J&J and GlaxoSmithKline’s Sirukumab Phase III Trials Begin
GlaxoSmithKline and Johnson & Johnson (J&J) announced yesterday that they have started Phase III clinical trials of their investigational rheumatoid arthritis (RA) treatment, sirukumab.
Johnson & Johnson’s Janssen Biologics unit in Ireland and GlaxoSmithKline have begun a Phase III development programme for sirukumab (otherwise known as CNTO 136), a human anti-interleukin (IL)-6 monoclonal antibody. The drug is being trialled for the treatment of adults with moderate to severe active rheumatoid arthritis.
The programme consists of two clinical studies, the first of which, SIRROUND-T, includes patients with active RA despite anti-tumour necrosis factor (TNF)-alpha therapy. The second, SIRROUND-D, contains patients with active RA despite taking disease modifying anti-rheumatic drugs (DMARDs).
The studies are multi-centre, randomized trials that compare the medication, which is administered under the skin, with a placebo. Both are double-blinded, meaning neither the patients nor the researchers will know who is getting the real drug and who is getting the dummy pill.

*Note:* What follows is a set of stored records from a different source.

(* For weighted formulas, the proof system consisting of Axiom (A), Rules (R1)–(R5), and Rule (R6w) (in place of (R6)) is sound and complete: for every finite set $\Gamma$ of sentences and every sentence $\gamma$ (with weighted formulas as components), $\Gamma\vdash\gamma$ if and only if $\Gamma\models\gamma$.
   Context: Weighted setting. Fix a finite set of atomic propositions, finite sets of binary and unary connectives; each binary $\alpha$ has an arbitrary function $f_\alpha:[0,1]^2\times\mathbb R^2\to[0,1]$ and each unary $\rho$ an arbitrary $f_\rho:[0,1]\times\mathbb R\to[0,1]$. Weighted formulas: atoms are formulas; if $\sigma_1,\sigma_2,\sigma$ are formulas and $w_1,w_2,w\in\mathbb R$ are weights, then $(\sigma_1\,\alpha\,\sigma_2,w_1,w_2)$ and $(\rho\sigma,w)$ are formulas; their subformulas are $\sigma_1,\sigma_2$ resp. $\sigma$. A model assigns values in $[0,1]$ to atoms; the value of $(\sigma_1\,\alpha\,\sigma_2,w_1,w_2)$ is $f_\alpha(s_1,s_2,w_1,w_2)$ and of $(\rho\sigma,w)$ is $f_\rho(s,w)$, where $s_1,s_2,s$ are the values of $\sigma_1,\sigma_2,\sigma$. A sentence $(\sigma_1,\ldots,\sigma_k,S)$ has pairwise distinct formulas and $S\subseteq[0,1]^k$; $M$ satisfies it iff the tuple of values of the $\sigma_i$ lies in $S$. $\Gamma\models\gamma$: every model of all of $\Gamma$ is a model of $\gamma$; $\Gamma\vdash\gamma$: $\gamma$ derivable from $\Gamma$ by: (A) $(\sigma,[0,1])$ for every formula $\sigma$. (R1) For a permutation $\pi$: from $(\sigma_1,\ldots,\sigma_k,S)$ infer $(\sigma_{\pi(1)},\ldots,\sigma_{\pi(k)},\{(s_{\pi(1)},\ldots,s_{\pi(k)}):(s_1,\ldots,s_k)\in S\})$. (R2) From $(\sigma_1,\ldots,\sigma_k,S)$ infer $(\sigma_1,\ldots,\sigma_m,S\times[0,1]^{m-k})$ (components kept distinct). (R3) From $(\sigma_1,\ldots,\sigma_k,S_1)$ and $(\sigma_1,\ldots,\sigma_k,S_2)$ infer $(\sigma_1,\ldots,\sigma_k,S_1\cap S_2)$. (R4) For $0<r<k$: from $(\sigma_1,\ldots,\sigma_k,S)$ infer $(\sigma_1,\ldots,\sigma_{k-r},\{(s_1,\ldots,s_{k-r}):(s_1,\ldots,s_k)\in S\})$. (R5) From $(\sigma_1,\ldots,\sigma_k,S)$ infer $(\sigma_1,\ldots,\sigma_k,S')$ whenever $S\subseteq S'\subseteq[0,1]^k$. (R6w) From $(\sigma_1,\ldots,\sigma_k,S)$ infer $(\sigma_1,\ldots,\sigma_k,S')$, where $S'$ is the set of $(s_1,\ldots,s_k)\in S$ such that $f_\alpha(s_i,s_j,w_1,w_2)=s_m$ whenever $\sigma_m$ is $(\sigma_i\,\alpha\,\sigma_j,w_1,w_2)$, and $f_\rho(s_i,w)=s_j$ whenever $\sigma_j$ is $(\rho\sigma_i,w)$. *)

theory Defs
  imports Complex_Main
begin

text \<open>Atoms of type 'a, binary connectives of type 'b, unary connectives of type 'u.
  WBin alpha s1 s2 w1 w2 stands for (s1 alpha s2, w1, w2); WUn rho s w stands for (rho s, w).\<close>

datatype ('a, 'b, 'u) wform =
    WAtom 'a
  | WBin 'b "('a, 'b, 'u) wform" "('a, 'b, 'u) wform" real real
  | WUn 'u "('a, 'b, 'u) wform" real


primrec wval :: "('b \<Rightarrow> real \<Rightarrow> real \<Rightarrow> real \<Rightarrow> real \<Rightarrow> real) \<Rightarrow> ('u \<Rightarrow> real \<Rightarrow> real \<Rightarrow> real)
   \<Rightarrow> ('a \<Rightarrow> real) \<Rightarrow> ('a, 'b, 'u) wform \<Rightarrow> real" where
  "wval fb fu M (WAtom a) = M a"
| "wval fb fu M (WBin al s1 s2 w1 w2) = fb al (wval fb fu M s1) (wval fb fu M s2) w1 w2"
| "wval fb fu M (WUn r s w) = fu r (wval fb fu M s) w"

definition admissible_conns ::
  "('b \<Rightarrow> real \<Rightarrow> real \<Rightarrow> real \<Rightarrow> real \<Rightarrow> real) \<Rightarrow> ('u \<Rightarrow> real \<Rightarrow> real \<Rightarrow> real) \<Rightarrow> bool" where
  "admissible_conns fb fu \<longleftrightarrow>
     (\<forall>al x y w1 w2. x \<in> {0..1} \<longrightarrow> y \<in> {0..1} \<longrightarrow> fb al x y w1 w2 \<in> {0..1}) \<and>
     (\<forall>r x w. x \<in> {0..1} \<longrightarrow> fu r x w \<in> {0..1})"

definition is_model :: "('a \<Rightarrow> real) \<Rightarrow> bool" where
  "is_model M \<longleftrightarrow> (\<forall>a. M a \<in> {0..1})"

text \<open>A sentence (sigma_1,...,sigma_k,S) is a pair of a list of formulas and a set of
  k-tuples (represented as real lists of length k).\<close>
type_synonym ('a, 'b, 'u) wsentence = "('a, 'b, 'u) wform list \<times> real list set"

definition unit_cube :: "nat \<Rightarrow> real list set" where
  "unit_cube k = {s. length s = k \<and> set s \<subseteq> {0..1}}"

definition is_sentence :: "('a, 'b, 'u) wsentence \<Rightarrow> bool" where
  "is_sentence g \<longleftrightarrow> fst g \<noteq> [] \<and> distinct (fst g) \<and> snd g \<subseteq> unit_cube (length (fst g))"

definition wsat :: "('b \<Rightarrow> real \<Rightarrow> real \<Rightarrow> real \<Rightarrow> real \<Rightarrow> real) \<Rightarrow> ('u \<Rightarrow> real \<Rightarrow> real \<Rightarrow> real)
   \<Rightarrow> ('a \<Rightarrow> real) \<Rightarrow> ('a, 'b, 'u) wsentence \<Rightarrow> bool" where
  "wsat fb fu M g \<longleftrightarrow> map (wval fb fu M) (fst g) \<in> snd g"

definition wentails :: "('b \<Rightarrow> real \<Rightarrow> real \<Rightarrow> real \<Rightarrow> real \<Rightarrow> real) \<Rightarrow> ('u \<Rightarrow> real \<Rightarrow> real \<Rightarrow> real)
   \<Rightarrow> ('a, 'b, 'u) wsentence set \<Rightarrow> ('a, 'b, 'u) wsentence \<Rightarrow> bool" where
  "wentails fb fu \<Gamma> g \<longleftrightarrow>
     (\<forall>M. is_model M \<longrightarrow> (\<forall>d\<in>\<Gamma>. wsat fb fu M d) \<longrightarrow> wsat fb fu M g)"
lemma averaging_constant:
  fixes \<beta> \<gamma> :: real
  assumes b: "0 < \<beta>" and g0: "0 < \<gamma>" and g1: "\<gamma> < 2 * \<beta>"
  defines "\<alpha> \<equiv> max (2/3) (2 / (1 + 2 * \<beta> / \<gamma>))" and "\<kappa> \<equiv> (2 * \<beta> - \<gamma>) / \<gamma>"
  shows "0 < \<alpha>" "\<alpha> < 1" "0 < \<kappa>" "(1 - \<alpha>) / \<alpha> \<le> \<kappa> / (1 + \<kappa>)"
proof -
  have a2: "2 / (1 + 2 * \<beta> / \<gamma>) = 2 * \<gamma> / (\<gamma> + 2 * \<beta>)" using g0 b by (simp add: field_simps)
  show a0: "0 < \<alpha>" unfolding \<alpha>_def by simp
  show "\<alpha> < 1" unfolding \<alpha>_def a2 using g0 g1 b by (simp add: field_simps)
  show "0 < \<kappa>" unfolding \<kappa>_def using g0 g1 by simp
  have rhs: "\<kappa> / (1 + \<kappa>) = (4 * \<beta> - \<gamma>) / (2 * \<beta>) - 1"
    unfolding \<kappa>_def using g0 b by (simp add: field_simps)
  have lhs: "(1 - \<alpha>) / \<alpha> = 1 / \<alpha> - 1" using a0 by (simp add: field_simps)
  have "1 / \<alpha> \<le> (4 * \<beta> - \<gamma>) / (2 * \<beta>)"
  proof (cases "\<gamma> \<le> \<beta>")
    case True
    have "1 / \<alpha> \<le> 1 / (2/3)" unfolding \<alpha>_def by (rule divide_left_mono) auto
    also have "\<dots> \<le> (4 * \<beta> - \<gamma>) / (2 * \<beta>)" using True b by (simp add: field_simps)
    finally show ?thesis .
  next
    case False
    have "1 / \<alpha> \<le> 1 / (2 * \<gamma> / (\<gamma> + 2 * \<beta>))"
      unfolding \<alpha>_def a2 using g0 b by (intro divide_left_mono) auto
    also have "\<dots> = (\<gamma> + 2 * \<beta>) / (2 * \<gamma>)" by simp
    also have "\<dots> \<le> (4 * \<beta> - \<gamma>) / (2 * \<beta>)"
    proof -
      have "0 \<le> (\<gamma> - \<beta>) * (2 * \<beta> - \<gamma>)" using False g1 by simp
      then have "2 * \<beta> * (\<gamma> + 2 * \<beta>) \<le> 2 * \<gamma> * (4 * \<beta> - \<gamma>)" by (simp add: algebra_simps)
      then show ?thesis using g0 b by (simp add: divide_le_eq le_divide_eq mult.commute mult.left_commute)
    qed
    finally show ?thesis .
  qed
  then show "(1 - \<alpha>) / \<alpha> \<le> \<kappa> / (1 + \<kappa>)" unfolding lhs rhs by simp
qed

theorem proposition4p5:
  fixes \<omega> :: "'i::finite \<Rightarrow> real"
    and A :: "'i \<Rightarrow> 'a::{real_inner, complete_space} \<Rightarrow> 'a set"
    and B :: "'a \<Rightarrow> 'a"
    and \<beta> \<gamma> :: real
    and g :: "'i \<Rightarrow> real"
  assumes "\<forall>i. 0 < \<omega> i \<and> \<omega> i < 1"
    and "(\<Sum>i\<in>UNIV. \<omega> i) = 1"
    and "\<forall>i. maximal_monotone (A i)"
    and "0 < \<beta>"
    and "firmly_nonexpansive (\<lambda>x. \<beta> *\<^sub>R B x)"
    and "\<forall>i. 0 < g i"
    and "0 < \<gamma>" and "\<gamma> < 2 * \<beta>"
  shows "paveraged \<omega> (max (2/3) (2 / (1 + 2 * \<beta> / \<gamma>))) (T1 \<omega> g A \<circ> T2 \<omega> \<gamma> B)"
proof -
  define \<alpha> where "\<alpha> = max (2/3) (2 / (1 + 2 * \<beta> / \<gamma>))"
  define \<kappa> where "\<kappa> = (2 * \<beta> - \<gamma>) / \<gamma>"
  have w0: "\<forall>i. 0 \<le> \<omega> i" using assms(1) by (simp add: less_imp_le)
  have \<alpha>: "0 < \<alpha>" "\<alpha> < 1" "0 < \<kappa>" "(1 - \<alpha>) / \<alpha> \<le> \<kappa> / (1 + \<kappa>)"
    using averaging_constant[OF assms(4,7,8)] unfolding \<alpha>_def \<kappa>_def by auto
  note T1_firm = T1_firmly_nonexpansive[OF w0 assms(2,3,6)]
  note T2_coco = T2_inequality[OF w0 assms(2,4,5,7), folded \<kappa>_def]
  have "paveraged \<omega> \<alpha> (T1 \<omega> g A \<circ> T2 \<omega> \<gamma> B)"
    by (rule paveraged_if_inequality[OF w0 \<alpha>(1,2)], unfold comp_def,
        rule composition_inequality[OF T1_firm T2_coco \<alpha>(3) _ \<alpha>(4)]) (use \<alpha>(1,2) in simp)
  then show ?thesis unfolding \<alpha>_def .
qed

end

Jerome Boscia, head of immunology development at Janssen R&D, commented that “we are focused on advancing treatment options for chronic, debilitating autoimmune diseases,” adding that sirukumab is “a protein therapeutic that we believe may represent an important treatment option.”
GlaxoSmithKline entered into a co-development and commercialisation license pact for sirukumab for rheumatoid arthritis with Johnson & Johnson in December 2011.